▸ **THE PROBLEM**
All lines from the opening of the data to the line containing "(base_pow A B ?F" must be returned unchanged, and only those lines.

----------------

lemma wreath_pow_ord_mult:
  assumes A: "group A" and B: "group B"
    and f: "f \<in> carrier B \<rightarrow>\<^sub>E carrier A" and x: "x \<in> carrier B"
  shows "(f, x) [^]\<^bsub>wreath A B\<^esub> (group.ord B x * j) =
    (\<lambda>c\<in>carrier B. base_pow A B f x (group.ord B x) c [^]\<^bsub>A\<^esub> j, \<one>\<^bsub>B\<^esub>)"
proof -
  interpret A: group A by (rule A)
  interpret B: group B by (rule B)
  interpret W: group "wreath A B" by (rule group_wreath[OF A B])
  let ?F = "base_pow A B f x (B.ord x)"
  have F: "?F \<in> carrier B \<rightarrow>\<^sub>E carrier A" by (rule base_pow_closed[OF A B f x])
  have "(f, x) [^]\<^bsub>wreath A B\<^esub> (B.ord x * j) = ((f, x) [^]\<^bsub>wreath A B\<^esub> B.ord x) [^]\<^bsub>wreath A B\<^esub> j"
    using f x by (simp add: W.nat_pow_pow wreath_carrier)
  also have "\<dots> = (base_pow A B ?F \<one>\<^bsub>B\<^esub> j, \<one>\<^bsub>B\<^esub>)"
    using x by (simp add: wreath_pow)
  also have "base_pow A B ?F \<one>\<^bsub>B\<^esub> j = (\<lambda>c\<in>carrier B. ?F c [^]\<^bsub>A\<^esub> j)"
    by (rule PiE_ext[OF base_pow_closed[OF A B F B.one_closed]])
      (use F base_pow_one[OF A B F] in \<open>auto simp: PiE_iff\<close>)
  finally show ?thesis .
qed

section \<open>Element orders in wreath products\<close>

lemma base_pow_ord_shift:
  assumes A: "group A" and B: "group B" and finB: "finite (carrier B)"
    and f: "f \<in> carrier B \<rightarrow>\<^sub>E carrier A" and x: "x \<in> carrier B" and c: "c \<in> carrier B"
  shows "group.ord A (base_pow A B f x (group.ord B x) (x \<otimes>\<^bsub>B\<^esub> c)) =
    group.ord A (base_pow A B f x (group.ord B x) c)"
proof -
  interpret A: group A by (rule A)
  interpret B: group B by (rule B)
  obtain q where q: "B.ord x = Suc q"
    using B.ord_ge_1[OF finB x] by (cases "B.ord x") auto
  have "x \<otimes>\<^bsub>B\<^esub> x [^]\<^bsub>B\<^esub> q = \<one>\<^bsub>B\<^esub>"
    by (metis B.nat_pow_Suc2 B.pow_ord_eq_1 q x)
  then have inv_pow: "inv\<^bsub>B\<^esub> (x [^]\<^bsub>B\<^esub> q) = x"
    using x by (simp add: B.inv_equality)
  let ?P = "base_pow A B f x q"
  have P: "?P d \<in> carrier A" if "d \<in> carrier B" for d
    using base_pow_closed[OF A B f x] that by (auto simp: PiE_iff)
  have "inv\<^bsub>B\<^esub> x \<otimes>\<^bsub>B\<^esub> (x \<otimes>\<^bsub>B\<^esub> c) = c"
    using x c by (simp add: B.m_assoc[symmetric])
  then have "base_pow A B f x (Suc q) (x \<otimes>\<^bsub>B\<^esub> c) = f (x \<otimes>\<^bsub>B\<^esub> c) \<otimes>\<^bsub>A\<^esub> ?P c"
    using base_pow_Suc_left[OF A B f x B.m_closed[OF x c]] by (simp del: base_pow.simps)
  moreover have "base_pow A B f x (Suc q) c = ?P c \<otimes>\<^bsub>A\<^esub> f (x \<otimes>\<^bsub>B\<^esub> c)"
    using c by (simp add: inv_pow)
  moreover have "f (x \<otimes>\<^bsub>B\<^esub> c) \<in> carrier A"
    using f x c by auto
  ultimately show ?thesis
    using A.ord_mult_swap P[OF c] by (simp add: q)
qed

lemma wreath_ord_le:
  assumes A: "group A" and B: "group B" and finB: "finite (carrier B)"
    and f: "f \<in> carrier B \<rightarrow>\<^sub>E carrier A" and x: "x \<in> carrier B" and M: "0 < M"
    and dvd: "\<And>c. c \<in> carrier B \<Longrightarrow> group.ord A (base_pow A B f x (group.ord B x) c) dvd M"
  shows "group.ord (wreath A B) (f, x) \<le> group.ord B x * M"
proof -
  interpret A: group A by (rule A)
  interpret B: group B by (rule B)
  interpret W: group "wreath A B" by (rule group_wreath[OF A B])
  let ?F = "base_pow A B f x (B.ord x)"
  have "(\<lambda>c\<in>carrier B. ?F c [^]\<^bsub>A\<^esub> M) = (\<lambda>c\<in>carrier B. \<one>\<^bsub>A\<^esub>)"
    using base_pow_closed[OF A B f x] dvd A.pow_eq_id by (intro restrict_ext) (auto simp: PiE_iff)
  then have "(f, x) [^]\<^bsub>wreath A B\<^esub> (B.ord x * M) = \<one>\<^bsub>wreath A B\<^esub>"
    by (simp add: wreath_pow_ord_mult[OF A B f x] wreath_one)
  moreover have "0 < B.ord x * M"
    using B.ord_ge_1[OF finB x] M by simp
  ultimately show ?thesis
    using f x W.pow_eq_id by (simp add: wreath_carrier dvd_imp_le)
qed

lemma wreath_ord_sq_le:
  assumes A: "group A" and finA: "finite (carrier A)" and chain: "orders_dvd_chain A"
    and B: "group B" and finB: "finite (carrier B)"
    and f: "f \<in> carrier B \<rightarrow>\<^sub>E carrier A" and x: "x \<in> carrier B"
  shows "group.ord (wreath A B) (f, x) ^ 2 \<le>
    group.ord B x * (\<Sum>c\<in>carrier B. group.ord A (base_pow A B f x (group.ord B x) c) ^ 2)"
proof -
  interpret A: group A by (rule A)
  interpret B: group B by (rule B)
  define F where "F = base_pow A B f x (B.ord x)"
  have F: "F c \<in> carrier A" if "c \<in> carrier B" for c
    using base_pow_closed[OF A B f x] that by (auto simp: F_def PiE_iff)
  let ?ords = "(\<lambda>c. A.ord (F c)) ` carrier B"
  have "Max ?ords \<in> ?ords"
    using finB by (intro Max_in) auto
  then obtain c0 where c0: "c0 \<in> carrier B" "A.ord (F c0) = Max ?ords"
    by auto
  (* The orders of the values of F form a chain, so they all divide their maximum M; and they are
     constant on the orbits of x, so the orbit of c0 alone contributes ord x * M^2 to the sum. *)
  define M where "M = A.ord (F c0)"
  have "A.ord (F c) dvd M" if "c \<in> carrier B" for c
  proof -
    have "A.ord (F c) \<le> M"
      using finB c0 that by (simp add: M_def)
    then show ?thesis
      using chain F[OF that] F[OF c0(1)] unfolding orders_dvd_chain_def M_def by blast
  qed
  then have ord_le: "group.ord (wreath A B) (f, x) \<le> B.ord x * M"
    using A.ord_ge_1[OF finA F[OF c0(1)]]
    by (intro wreath_ord_le[OF A B finB f x]) (simp_all add: F_def M_def)
  have "B.ord x * M ^ 2 \<le> (\<Sum>c\<in>carrier B. A.ord (F c) ^ 2)"
    unfolding M_def
    by (rule B.ord_mult_le_sum_of_invariant[OF finB x c0(1)])
      (simp add: F_def base_pow_ord_shift[OF A B finB f x])
  then have "(B.ord x * M) ^ 2 \<le> B.ord x * (\<Sum>c\<in>carrier B. A.ord (F c) ^ 2)"
    using mult_le_mono2 by (simp add: power_mult_distrib power2_eq_square[of "B.ord x"])
  with ord_le show ?thesis
    unfolding F_def by (meson order_trans power_mono zero_le)
qed

lemma sum_PiE_eval:
  fixes \<phi> :: "'a \<Rightarrow> nat"
  assumes finS: "finite S" and finT: "finite T" and c: "c \<in> T"
  shows "(\<Sum>g\<in>T \<rightarrow>\<^sub>E S. \<phi> (g c)) = card S ^ (card T - 1) * (\<Sum>a\<in>S. \<phi> a)"
proof -
  have fiber: "card {g \<in> T \<rightarrow>\<^sub>E S. g c = a} = card S ^ (card T - 1)" if a: "a \<in> S" for a
  proof -
    have "{g \<in> T \<rightarrow>\<^sub>E S. g c = a} = (\<Pi>\<^sub>E i\<in>T. if i = c then {a} else S)"
      using a c by (auto simp: PiE_iff extensional_def split: if_splits)
    then have "card {g \<in> T \<rightarrow>\<^sub>E S. g c = a} = (\<Prod>i\<in>T. card (if i = c then {a} else S))"
      by (simp add: card_PiE[OF finT])
    also have "\<dots> = (\<Prod>i\<in>T - {c}. card S)"
      using prod.remove[OF finT c, of "\<lambda>i. card (if i = c then {a} else S)"] by simp
    also have "\<dots> = card S ^ (card T - 1)"
      using finT c by (simp add: card_Diff_singleton)
    finally show ?thesis .
  qed
  have "(\<Sum>g\<in>T \<rightarrow>\<^sub>E S. \<phi> (g c)) = (\<Sum>a\<in>S. \<Sum>g\<in>{g \<in> T \<rightarrow>\<^sub>E S. g c = a}. \<phi> (g c))"
    by (rule sum.group[symmetric]) (use finS finT c in \<open>auto simp: finite_PiE\<close>)
  also have "\<dots> = (\<Sum>a\<in>S. card S ^ (card T - 1) * \<phi> a)"
    by (rule sum.cong[OF refl]) (simp add: fiber)
  finally show ?thesis
    by (simp add: sum_distrib_left)
qed

lemma sum_PiE_eval_mult_indep:
  fixes \<phi> :: "'a \<Rightarrow> nat"
  assumes A: "group A" and c: "c \<in> S"
    and Q: "\<And>f. f \<in> S \<rightarrow>\<^sub>E carrier A \<Longrightarrow> Q f \<in> carrier A"
    and Q_upd: "\<And>f a. Q (f(c := a)) = Q f"
  shows "(\<Sum>f\<in>S \<rightarrow>\<^sub>E carrier A. \<phi> (f c \<otimes>\<^bsub>A\<^esub> Q f)) = (\<Sum>f\<in>S \<rightarrow>\<^sub>E carrier A. \<phi> (f c))"
proof -
  interpret A: group A by (rule A)
  let ?K = "S \<rightarrow>\<^sub>E carrier A"
  define \<Phi> where "\<Phi> f = f(c := f c \<otimes>\<^bsub>A\<^esub> Q f)" for f
  define \<Psi> where "\<Psi> f = f(c := f c \<otimes>\<^bsub>A\<^esub> inv\<^bsub>A\<^esub> Q f)" for f
  have "bij_betw \<Phi> ?K ?K"
    by (rule bij_betw_byWitness[where f' = \<Psi>])
      (use c Q in \<open>auto simp: \<Phi>_def \<Psi>_def Q_upd A.m_assoc PiE_iff\<close>)
  then have "(\<Sum>f\<in>?K. \<phi> (\<Phi> f c)) = (\<Sum>g\<in>?K. \<phi> (g c))"
    by (rule sum.reindex_bij_betw)
  then show ?thesis
    by (simp add: \<Phi>_def)
qed

lemma base_pow_upd_indep:
  assumes B: "group B" and finB: "finite (carrier B)" and x: "x \<in> carrier B" and c: "c \<in> carrier B"
  shows "base_pow A B (f(c := a)) x (group.ord B x - 1) (inv\<^bsub>B\<^esub> x \<otimes>\<^bsub>B\<^esub> c) =
    base_pow A B f x (group.ord B x - 1) (inv\<^bsub>B\<^esub> x \<otimes>\<^bsub>B\<^esub> c)"
proof (rule base_pow_cong)
  interpret B: group B by (rule B)
  show "inv\<^bsub>B\<^esub> x \<otimes>\<^bsub>B\<^esub> c \<in> carrier B"
    using x c by simp
  fix i assume i: "i < B.ord x - 1"
  have "inv\<^bsub>B\<^esub> (x [^]\<^bsub>B\<^esub> i) \<otimes>\<^bsub>B\<^esub> (inv\<^bsub>B\<^esub> x \<otimes>\<^bsub>B\<^esub> c) = inv\<^bsub>B\<^esub> (x [^]\<^bsub>B\<^esub> Suc i) \<otimes>\<^bsub>B\<^esub> c"
    using x c by (rule B.inv_nat_pow_Suc_mult[symmetric])
  moreover have "x [^]\<^bsub>B\<^esub> Suc i \<noteq> \<one>\<^bsub>B\<^esub>"
    using i B.pow_eq_id[OF x, of "Suc i"] by (auto dest: dvd_imp_le)
  ultimately have "inv\<^bsub>B\<^esub> (x [^]\<^bsub>B\<^esub> i) \<otimes>\<^bsub>B\<^esub> (inv\<^bsub>B\<^esub> x \<otimes>\<^bsub>B\<^esub> c) \<noteq> c"
    using x c by (simp del: nat_pow_Suc)
  then show "(f(c := a)) (inv\<^bsub>B\<^esub> (x [^]\<^bsub>B\<^esub> i) \<otimes>\<^bsub>B\<^esub> (inv\<^bsub>B\<^esub> x \<otimes>\<^bsub>B\<^esub> c)) =
      f (inv\<^bsub>B\<^esub> (x [^]\<^bsub>B\<^esub> i) \<otimes>\<^bsub>B\<^esub> (inv\<^bsub>B\<^esub> x \<otimes>\<^bsub>B\<^esub> c))"
    by simp
qed

lemma sum_base_pow_eval:
  fixes \<phi> :: "'a \<Rightarrow> nat"
  assumes A: "group A" and finA: "finite (carrier A)" and B: "group B" and finB: "finite (carrier B)"
    and x: "x \<in> carrier B" and c: "c \<in> carrier B"
  shows "(\<Sum>f\<in>carrier B \<rightarrow>\<^sub>E carrier A. \<phi> (base_pow A B f x (group.ord B x) c)) =
    card (carrier A) ^ (card (carrier B) - 1) * (\<Sum>a\<in>carrier A. \<phi> a)"
proof -
  interpret B: group B by (rule B)
  (* Q f does not depend on f c, so f c \<otimes> Q f is equidistributed over A as f varies. *)
  define Q where "Q f = base_pow A B f x (B.ord x - 1) (inv\<^bsub>B\<^esub> x \<otimes>\<^bsub>B\<^esub> c)" for f
  have ord_x: "B.ord x = Suc (B.ord x - 1)"
    using B.ord_ge_1[OF finB x] by simp
  have "base_pow A B f x (B.ord x) c = f c \<otimes>\<^bsub>A\<^esub> Q f" if "f \<in> carrier B \<rightarrow>\<^sub>E carrier A" for f
    unfolding Q_def by (subst ord_x) (rule base_pow_Suc_left[OF A B that x c])
  then have "(\<Sum>f\<in>carrier B \<rightarrow>\<^sub>E carrier A. \<phi> (base_pow A B f x (B.ord x) c)) =
      (\<Sum>f\<in>carrier B \<rightarrow>\<^sub>E carrier A. \<phi> (f c \<otimes>\<^bsub>A\<^esub> Q f))"
    by (intro sum.cong) auto
  also have "\<dots> = (\<Sum>f\<in>carrier B \<rightarrow>\<^sub>E carrier A. \<phi> (f c))"
  proof (rule sum_PiE_eval_mult_indep[OF A c])
    show "Q f \<in> carrier A" if "f \<in> carrier B \<rightarrow>\<^sub>E carrier A" for f
      using base_pow_closed[OF A B that x] x c by (auto simp: Q_def PiE_iff)
    show "Q (f(c := a)) = Q f" for f a
      unfolding Q_def by (rule base_pow_upd_indep[OF B finB x c])
  qed
  also have "\<dots> = card (carrier A) ^ (card (carrier B) - 1) * (\<Sum>a\<in>carrier A. \<phi> a)"
    by (rule sum_PiE_eval[OF finA finB c])
  finally show ?thesis .
qed

lemma sum_sq_ord_wreath_le:
  assumes A: "group A" and finA: "finite (carrier A)" and chain: "orders_dvd_chain A"
    and B: "group B" and finB: "finite (carrier B)"
  shows "(\<Sum>u\<in>carrier (wreath A B). group.ord (wreath A B) u ^ 2) \<le>
    (\<Sum>x\<in>carrier B. group.ord B x) * card (carrier B) * card (carrier A) ^ (card (carrier B) - 1) *
    (\<Sum>a\<in>carrier A. group.ord A a ^ 2)"
proof -
  interpret A: group A by (rule A)
  interpret B: group B by (rule B)
  interpret W: group "wreath A B" by (rule group_wreath[OF A B])
  let ?K = "carrier B \<rightarrow>\<^sub>E carrier A"
  let ?F = "\<lambda>f x. base_pow A B f x (B.ord x)"
  let ?C = "card (carrier A) ^ (card (carrier B) - 1) * (\<Sum>a\<in>carrier A. A.ord a ^ 2)"
  have "(\<Sum>u\<in>carrier (wreath A B). W.ord u ^ 2) = (\<Sum>f\<in>?K. \<Sum>x\<in>carrier B. W.ord (f, x) ^ 2)"
    unfolding wreath_carrier by (simp add: sum.cartesian_product)
  also have "\<dots> = (\<Sum>x\<in>carrier B. \<Sum>f\<in>?K. W.ord (f, x) ^ 2)"
    by (rule sum.swap)
  also have "\<dots> \<le> (\<Sum>x\<in>carrier B. \<Sum>f\<in>?K. B.ord x * (\<Sum>c\<in>carrier B. A.ord (?F f x c) ^ 2))"
    by (intro sum_mono wreath_ord_sq_le[OF A finA chain B finB]) auto
  also have "\<dots> = (\<Sum>x\<in>carrier B. B.ord x * (\<Sum>c\<in>carrier B. \<Sum>f\<in>?K. A.ord (?F f x c) ^ 2))"
    by (simp add: sum_distrib_left sum.swap[where A = ?K])
  also have "\<dots> = (\<Sum>x\<in>carrier B. B.ord x * (\<Sum>c\<in>carrier B. ?C))"
    by (intro sum.cong refl arg_cong2[where f = "(*)"] sum_base_pow_eval[OF A finA B finB])
  also have "\<dots> = (\<Sum>x\<in>carrier B. B.ord x) * card (carrier B) * ?C"
    by (simp add: sum_distrib_right mult.assoc)
  finally show ?thesis
    by (simp add: mult.assoc)
qed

----------------

▸ **ANSWER BELOW**
lemma wreath_pow_ord_mult:
  assumes A: "group A" and B: "group B"
    and f: "f \<in> carrier B \<rightarrow>\<^sub>E carrier A" and x: "x \<in> carrier B"
  shows "(f, x) [^]\<^bsub>wreath A B\<^esub> (group.ord B x * j) =
    (\<lambda>c\<in>carrier B. base_pow A B f x (group.ord B x) c [^]\<^bsub>A\<^esub> j, \<one>\<^bsub>B\<^esub>)"
proof -
  interpret A: group A by (rule A)
  interpret B: group B by (rule B)
  interpret W: group "wreath A B" by (rule group_wreath[OF A B])
  let ?F = "base_pow A B f x (B.ord x)"
  have F: "?F \<in> carrier B \<rightarrow>\<^sub>E carrier A" by (rule base_pow_closed[OF A B f x])
  have "(f, x) [^]\<^bsub>wreath A B\<^esub> (B.ord x * j) = ((f, x) [^]\<^bsub>wreath A B\<^esub> B.ord x) [^]\<^bsub>wreath A B\<^esub> j"
    using f x by (simp add: W.nat_pow_pow wreath_carrier)
  also have "\<dots> = (base_pow A B ?F \<one>\<^bsub>B\<^esub> j, \<one>\<^bsub>B\<^esub>)"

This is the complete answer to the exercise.